This paper proposes a technique to improve the recommendation correctness by considering whether candidate code fragments are semantically coherent chunks that can be given clear method names code fragments for extraction. As a criterion for the semantic coherency, the proposed technique employs the probability (i.e. confidence) of the predicted method names for the code fragments output by code2seq [10], which is a state-of-the-art method name prediction technique. The proposed method is based on the idea that since extract method refactoring is completed by giving a clear name to the newly created method that expresses its role and behavior, it is important for the refactoring decision whether the code fragment to be extracted has a semantic coherence that can be given such a name. The implementation of the proposed technique is based on GEMS, which is the state of the art of Extract Method recommendation techniques, and uses the confidence of the method name output by code2seq as an explanatory variable in addition to the features used by GEMS. Note that code2seq and GEMS used in the implementation are the ones taken from the GitHub²²2https://github.com repository[27] and the ones distributed as plugins, respectively.

Fig. 2 shows the overview of the proposed technique. The overall structure of the proposed method is similar to that of GEMS and consists of two stages. The first stage is the training stage, which builds a classification model to determine whether a code fragment is a good candidate for extraction or not, and is executed prior to the second stage. The second stage is the recommendation stage, which uses the constructed model to recommend a candidate of Extract Method, and is executed on request of the user.

III-A Training Stage

The training stage takes as input a set of examples of Extract Method refactorings, and outputs a statistical classification model that determines whether a given part of a method is suitable to be extracted as a method. The framework of this stage is almost the same as that of the same stage in GEMS, with the only difference being the addition of the confidence of code2seq as a feature. The example of an extracted method is a set of the entire source code of the original method and what part of the code was extracted as a new method.

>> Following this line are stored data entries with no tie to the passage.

lemma positive_conj: "positive X \<rho> \<Longrightarrow> positive X (mmul X (mmul X (adj B) \<rho>) B)"
  by (simp add: positive_iff_qinner apply_mmul qinner_adj')

lemma qtrace_conj_nonneg:
  assumes "positive X \<rho>"
  shows "0 \<le> Re (qtrace X (mmul X (mmul X B \<rho>) (adj B)))"
proof -
  have "qtrace X (mmul X (mmul X B \<rho>) (adj B))
      = (\<Sum>s\<in>asg X. \<Sum>w\<in>asg X. \<Sum>u\<in>asg X. B s u * \<rho> u w * cnj (B s w))"
    by (simp add: qtrace_def mmul_def adj_def sum_distrib_right)
  also have "\<dots> = (\<Sum>s\<in>asg X. \<Sum>u\<in>asg X. \<Sum>w\<in>asg X. B s u * \<rho> u w * cnj (B s w))"
    by (rule sum.cong[OF refl], rule sum.swap)
  also have "\<dots> = (\<Sum>s\<in>asg X. qinner X (\<lambda>u. cnj (B s u)) (apply_op X \<rho> (\<lambda>u. cnj (B s u))))"
    by (simp add: qinner_def apply_op_def sum_distrib_left mult.assoc)
  finally show ?thesis using assms by (simp add: positive_iff_qinner sum_nonneg)
qed

lemma density_outer: "Re (qinner X \<phi> \<phi>) \<le> 1 \<Longrightarrow> density X (outer \<phi> \<phi>)"
  by (simp add: density_def positive_outer qtrace_outer)

lemma exists_normalising_scalar:
  "\<exists>c::real. c > 0 \<and> Re (qinner X (\<lambda>s. complex_of_real c * \<psi> s) (\<lambda>s. complex_of_real c * \<psi> s)) \<le> 1"
proof -
  define n where "n = Re (qinner X \<psi> \<psi>)"
  have n0: "0 \<le> n" by (simp add: n_def qinner_self_nonneg)
  define c where "c = 1 / (1 + n)"
  have "Re (qinner X (\<lambda>s. complex_of_real c * \<psi> s) (\<lambda>s. complex_of_real c * \<psi> s)) = c * c * n"
    by (simp add: qinner_scale_left qinner_scale_right n_def)
  also have "\<dots> \<le> 1"
  proof -
    have "n \<le> (1 + n) * (1 + n)" using n0 by (simp add: algebra_simps)
    hence "n / ((1 + n) * (1 + n)) \<le> 1" using n0 by (simp add: divide_le_eq)
    thus ?thesis by (simp add: c_def)
  qed
  finally show ?thesis using n0 by (intro exI[of _ c]) (simp add: c_def)
qed

text \<open>The matrix identity \<open>N A = 0\<close> for a projector \<open>A\<close> only has to be checked on
  unit-bounded vectors of the range of \<open>A\<close>: the columns of \<open>A\<close> lie in that range.\<close>

lemma mmul_proj_eq_0I:
  assumes fin: "finite X" and A: "is_proj X A" and N: "op_on X N"
    and h: "\<And>\<psi> s. apply_op X A \<psi> = \<psi> \<Longrightarrow> Re (qinner X \<psi> \<psi>) \<le> 1 \<Longrightarrow> s \<in> asg X
              \<Longrightarrow> apply_op X N \<psi> s = 0"
  shows "mmul X N A = 0"
proof (intro ext)
  fix s t
  show "mmul X N A s t = 0 s t"
  proof (cases "s \<in> asg X \<and> t \<in> asg X")
    case True
    define \<psi> where "\<psi> = (\<lambda>u. A u t)"
    obtain c :: real where c: "c > 0"
      and c1: "Re (qinner X (\<lambda>s. complex_of_real c * \<psi> s) (\<lambda>s. complex_of_real c * \<psi> s)) \<le> 1"
      using exists_normalising_scalar by blast
    have "apply_op X A \<psi> = (\<lambda>u. mmul X A A u t)" by (simp add: \<psi>_def apply_op_def mmul_def)
    also have "\<dots> = \<psi>" using A by (simp add: is_proj_def \<psi>_def)
    finally have "apply_op X A (\<lambda>s. complex_of_real c * \<psi> s) = (\<lambda>s. complex_of_real c * \<psi> s)"
      by (simp add: apply_scale)
    hence "complex_of_real c * apply_op X N \<psi> s = 0"
      using h[OF _ c1] True by (simp add: apply_scale)
    thus ?thesis using c by (simp add: \<psi>_def apply_op_def mmul_def)
  next
    case False
    have "op_on X (mmul X N A)" using N A by (simp add: is_proj_def)
    thus ?thesis using False by (auto simp: op_on_def)
  qed
qed

text \<open>A vector annihilated by the quadratic form of a positive Hermitian \<open>H\<close> lies in its
  kernel; the proof expands the form at \<open>\<psi> + t H \<psi>\<close> for a suitable real \<open>t\<close>.\<close>

lemma psd_kernel:
  assumes f: "finite X" and h: "adj H = H"
    and psd: "\<And>\<phi>. 0 \<le> Re (qinner X \<phi> (apply_op X H \<phi>))"
    and z: "Re (qinner X \<psi> (apply_op X H \<psi>)) \<le> 0"
    and s: "s \<in> asg X"
  shows "apply_op X H \<psi> s = 0"
proof -
  define y where "y = apply_op X H \<psi>"
  define n where "n = Re (qinner X y y)"
  define c where "c = Re (qinner X y (apply_op X H y))"
  have c0: "0 \<le> c" using psd by (simp add: c_def)
  have yy: "qinner X y y = complex_of_real n" using qinner_self[of X y] by (simp add: n_def)
  have e1: "qinner X \<psi> (apply_op X H y) = complex_of_real n"
    using qinner_adj[of X \<psi> H y] h yy by (simp add: y_def)
  have e2: "qinner X y (apply_op X H \<psi>) = complex_of_real n" using yy by (simp add: y_def)
  define t :: real where "t = - n / (c + 1)"
  have "0 \<le> Re (qinner X (\<psi> + (\<lambda>s. complex_of_real t * y s)) (apply_op X H (\<psi> + (\<lambda>s. complex_of_real t * y s))))"
    by (rule psd)
  also have "\<dots> = Re (qinner X \<psi> (apply_op X H \<psi>)) + 2 * t * n + t * t * c"
    by (simp add: apply_add apply_scale qinner_add_left qinner_add_right qinner_scale_left
        qinner_scale_right e1 e2 c_def y_def[symmetric] n_def algebra_simps)
  finally have a: "0 \<le> 2 * t * n + t * t * c" using z by (simp add: y_def)
  have tc: "t * (c + 1) = - n" using c0 by (simp add: t_def)
  have "(2 * t * n + t * t * c) * ((c + 1) * (c + 1))
      = 2 * n * (t * (c + 1)) * (c + 1) + (t * (c + 1)) * (t * (c + 1)) * c"
    by (simp add: algebra_simps)
  also have "\<dots> = - (n * n * (c + 2))" unfolding tc by (simp add: algebra_simps)
  finally have "0 \<le> - (n * n * (c + 2))" using a c0 by (metis zero_le_mult_iff zero_le_square)
  hence "n * n \<le> 0" using c0 by (simp add: mult_le_0_iff)
  hence "Re (qinner X y y) \<le> 0" by (auto simp: n_def mult_le_0_iff)
  thus ?thesis using qinner_self_eq_0[OF f _ s] by (simp add: y_def)
qed

section \<open>Kraus representations and Hoare triples on a fixed system\<close>

definition kraus_on :: "nat set \<Rightarrow> superop \<Rightarrow> qop list \<Rightarrow> bool" where
  "kraus_on X G Ks \<longleftrightarrow> (\<forall>K\<in>set Ks. op_on X K) \<and>
     (\<forall>A. clip X (G A) = (\<Sum>K\<leftarrow>Ks. mmul X (mmul X K A) (adj K)))"

definition kraus_sum :: "nat set \<Rightarrow> qop list \<Rightarrow> qop" where
  "kraus_sum X Ks = (\<Sum>K\<leftarrow>Ks. mmul X (adj K) K)"

definition defect :: "nat set \<Rightarrow> qop list \<Rightarrow> qop" where
  "defect X Ks = idop X - kraus_sum X Ks"

definition maps_range :: "nat set \<Rightarrow> qop \<Rightarrow> qop \<Rightarrow> qop \<Rightarrow> bool" where
  "maps_range X K A B \<longleftrightarrow> mmul X (idop X - B) (mmul X K A) = 0"

definition par_on :: "nat set \<Rightarrow> superop \<Rightarrow> qop \<Rightarrow> qop \<Rightarrow> bool" where
  "par_on X G A B \<longleftrightarrow> (\<forall>\<rho>. density X \<rho> \<longrightarrow> Re (qtrace X (mmul X A \<rho>))
     \<le> Re (qtrace X (mmul X B (G \<rho>))) + Re (qtrace X \<rho>) - Re (qtrace X (G \<rho>)))"

definition tot_on :: "nat set \<Rightarrow> superop \<Rightarrow> qop \<Rightarrow> qop \<Rightarrow> bool" where
  "tot_on X G A B \<longleftrightarrow> (\<forall>\<rho>. density X \<rho> \<longrightarrow>
     Re (qtrace X (mmul X A \<rho>)) \<le> Re (qtrace X (mmul X B (G \<rho>))))"

lemma op_on_defect: "kraus_on X G Ks \<Longrightarrow> op_on X (defect X Ks)"
  by (simp add: defect_def kraus_sum_def kraus_on_def)

lemma adj_defect: "adj (defect X Ks) = defect X Ks"
  by (simp add: defect_def kraus_sum_def adj_diff adj_sum_list adj_mmul o_def)

lemma qtrace_mmul_kraus:
  assumes "kraus_on X G Ks"
  shows "qtrace X (mmul X B (G \<rho>)) = (\<Sum>K\<leftarrow>Ks. qtrace X (mmul X B (mmul X (mmul X K \<rho>) (adj K))))"
proof -
  have "qtrace X (mmul X B (G \<rho>)) = qtrace X (mmul X B (clip X (G \<rho>)))"
    by (simp add: qtrace_mmul_clip_right)
  also have "\<dots> = qtrace X (mmul X B (\<Sum>K\<leftarrow>Ks. mmul X (mmul X K \<rho>) (adj K)))"
    using assms by (simp add: kraus_on_def)
  finally show ?thesis by (simp add: mmul_sum_list_right qtrace_sum_list o_def)
qed

lemma qtrace_kraus:
  assumes "kraus_on X G Ks"
  shows "qtrace X (G \<rho>) = (\<Sum>K\<leftarrow>Ks. qtrace X (mmul X (mmul X K \<rho>) (adj K)))"
proof -
  have "qtrace X (G \<rho>) = qtrace X (clip X (G \<rho>))" by (simp add: qtrace_clip)
  also have "\<dots> = qtrace X (\<Sum>K\<leftarrow>Ks. mmul X (mmul X K \<rho>) (adj K))"
    using assms by (simp add: kraus_on_def)
  finally show ?thesis by (simp add: qtrace_sum_list o_def)
qed

lemma qtrace_kraus_outer:
  "kraus_on X G Ks \<Longrightarrow> qtrace X (G (outer \<phi> \<phi>)) = (\<Sum>K\<leftarrow>Ks. qinner X (apply_op X K \<phi>) (apply_op X K \<phi>))"
  by (simp add: qtrace_kraus conj_outer qtrace_outer)

lemma qtrace_proj_outer:
  assumes "is_proj X B"
  shows "qtrace X (mmul X B (outer y y)) = qinner X (apply_op X B y) (apply_op X B y)"
proof -
  have "qtrace X (mmul X B (outer y y)) = qinner X y (apply_op X (adj B) (apply_op X B y))"
    using assms by (simp add: qtrace_mmul_outer is_proj_def flip: apply_mmul)
  thus ?thesis by (simp add: qinner_adj')
qed

lemma qinner_proj_split:
  assumes "finite X" and "is_proj X B"
  shows "qinner X y y = qinner X (apply_op X B y) (apply_op X B y)
    + qinner X (apply_op X (idop X - B) y) (apply_op X (idop X - B) y)"
proof -
  have "qinner X y y = qtrace X (mmul X (idop X) (outer y y))"
    using assms by (simp add: qtrace_mmul_idop qtrace_outer)
  also have "\<dots> = qtrace X (mmul X B (outer y y)) + qtrace X (mmul X (idop X - B) (outer y y))"
    by (simp add: mmul_diff_left qtrace_diff)
  finally show ?thesis using assms is_proj_compl by (simp add: qtrace_proj_outer)
qed

lemma qtrace_kraus_outer_split:
  assumes "finite X" and "kraus_on X G Ks" and "is_proj X B"
  shows "Re (qtrace X (G (outer \<phi> \<phi>))) = Re (qtrace X (mmul X B (G (outer \<phi> \<phi>))))
    + (\<Sum>K\<leftarrow>Ks. Re (qinner X (apply_op X (idop X - B) (apply_op X K \<phi>))
                             (apply_op X (idop X - B) (apply_op X K \<phi>))))"
proof -
  have "Re (qinner X (apply_op X K \<phi>) (apply_op X K \<phi>)) =
      Re (qinner X (apply_op X B (apply_op X K \<phi>)) (apply_op X B (apply_op X K \<phi>))) +
      Re (qinner X (apply_op X (idop X - B) (apply_op X K \<phi>)) (apply_op X (idop X - B) (apply_op X K \<phi>)))" for K
    using qinner_proj_split[OF assms(1,3), of "apply_op X K \<phi>"] by simp
  hence "Re (qtrace X (G (outer \<phi> \<phi>))) = (\<Sum>K\<leftarrow>Ks.
      Re (qinner X (apply_op X B (apply_op X K \<phi>)) (apply_op X B (apply_op X K \<phi>))) +
      Re (qinner X (apply_op X (idop X - B) (apply_op X K \<phi>)) (apply_op X (idop X - B) (apply_op X K \<phi>))))"
    by (simp add: qtrace_kraus_outer[OF assms(2)] Re_sum_list)
  also have "\<dots> = Re (qtrace X (mmul X B (G (outer \<phi> \<phi>))))
    + (\<Sum>K\<leftarrow>Ks. Re (qinner X (apply_op X (idop X - B) (apply_op X K \<phi>))
                             (apply_op X (idop X - B) (apply_op X K \<phi>))))"
    using assms(3) by (simp add: sum_list_addf qtrace_mmul_kraus[OF assms(2)] conj_outer
        qtrace_proj_outer Re_sum_list)
  finally show ?thesis .
qed

lemma qinner_defect:
  assumes "finite X" and "kraus_on X G Ks"
  shows "qinner X x (apply_op X (defect X Ks) x) = qtrace X (outer x x) - qtrace X (G (outer x x))"
  using assms by (simp add: defect_def kraus_sum_def apply_diff qinner_diff_right qinner_apply_idop
      apply_sum_list qinner_sum_list_right apply_mmul qinner_adj' o_def qtrace_kraus_outer qtrace_outer)

lemma qinner_defect_nonneg:
  assumes "finite X" and "kraus_on X G Ks" and "trace_nonincreasing X G"
  shows "0 \<le> Re (qinner X x (apply_op X (defect X Ks) x))"
  using assms positive_outer by (simp add: qinner_defect trace_nonincreasing_def)

lemma tot_on_imp_par_on: "trace_nonincreasing X G \<Longrightarrow> tot_on X G A B \<Longrightarrow> par_on X G A B"
  by (fastforce simp: tot_on_def par_on_def trace_nonincreasing_def density_def)

lemma par_on_imp_maps_range:
  assumes fin: "finite X" and G: "kraus_on X G Ks" and A: "is_proj X A" and B: "is_proj X B"
    and par: "par_on X G A B" and K: "K \<in> set Ks"
  shows "maps_range X K A B"
proof -
  have "mmul X (mmul X (idop X - B) K) A = 0"
  proof (rule mmul_proj_eq_0I[OF fin A])
    show "op_on X (mmul X (idop X - B) K)" using G K B by (simp add: kraus_on_def is_proj_def)
    fix \<psi> s assume fixed: "apply_op X A \<psi> = \<psi>" and norm: "Re (qinner X \<psi> \<psi>) \<le> 1"
      and s: "s \<in> asg X"
    define g where "g = (\<lambda>K. Re (qinner X (apply_op X (idop X - B) (apply_op X K \<psi>))
                                         (apply_op X (idop X - B) (apply_op X K \<psi>))))"
    have "Re (qtrace X (mmul X A (outer \<psi> \<psi>))) = Re (qtrace X (outer \<psi> \<psi>))"
      using fixed by (simp add: qtrace_mmul_outer qtrace_outer)
    hence "sum_list (map g Ks) \<le> 0"
      using par density_outer[OF norm] qtrace_kraus_outer_split[OF fin G B, of \<psi>]
      unfolding par_on_def g_def by fastforce
    moreover have "g K \<le> sum_list (map g Ks)"
      using K by (intro member_le_sum_list) (auto simp: g_def qinner_self_nonneg)
    ultimately have "g K \<le> 0" by linarith
    thus "apply_op X (mmul X (idop X - B) K) \<psi> s = 0"
      using qinner_self_eq_0[OF fin _ s] by (simp add: g_def apply_mmul)
  qed
  thus ?thesis by (simp add: maps_range_def mmul_assoc)
qed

Due to the requirements of the classification algorithm used by the technique, parts of the method that should not be extracted (i.e., negative examples) are required to build the classification model, so negative examples are generated from the (positive) examples of the Extract Method. Specifically, from the source code of the positive example, a part of the code that is different from the actual extraction is randomly selected, and the pair of the source code and the part is used as the negative example.

The features are then extracted from the positive and negative examples, and the set of features is fed to a learning algorithm to build the classification model. Totally 49 types of features are given to the learning algorithm, including the 48 types of features used in GEMS (Table I and Table II) and the confidence values obtained by applying code2seq to the part of the source code that are candidates for extraction.

III-B Recommendation Stage

The recommendation stage is executed in response to a request from a user, and outputs a ranked list of the parts of the method specified by the user that are considered suitable for extraction as a method. First, the stage lists all possible parts of the user-specified method that can be extracted as a method within the constraints of the programming language. Next, for each pair that combines the specified method with each part, the 49 features including the confidence of code2seq are calculated. The features are then input to the classification model constructed in the training stage to obtain the probability that the extract method represented by each pair is likely to be performed. Finally, a list of pairs with probabilities higher than a certain threshold is created and provided to the user in order of the probability.

III-C Features for classification

The confidence that the code2seq calculates when predicting the method names of code fragments is used as an indicator of whether or not it is easy to give clear method names to candidate code fragments for extraction, and this value is added to existing features to extend GEMS. An overview of the GEMS extension is shown in Fig. 3. When GEMS is applied to a certain method, all the code fragments that can be extracted are generated as extraction candidates, and 48 different metrics are created as features from the pairs of the source method and each code fragment. Then, each code fragment is converted into the form of a method by the method extraction function of Eclipse JDT and input to code2seq because it can only receive source code in method form. After that, the confidence of the method name predicted by code2seq at the top is added to the features created by GEMS, for each code fragment.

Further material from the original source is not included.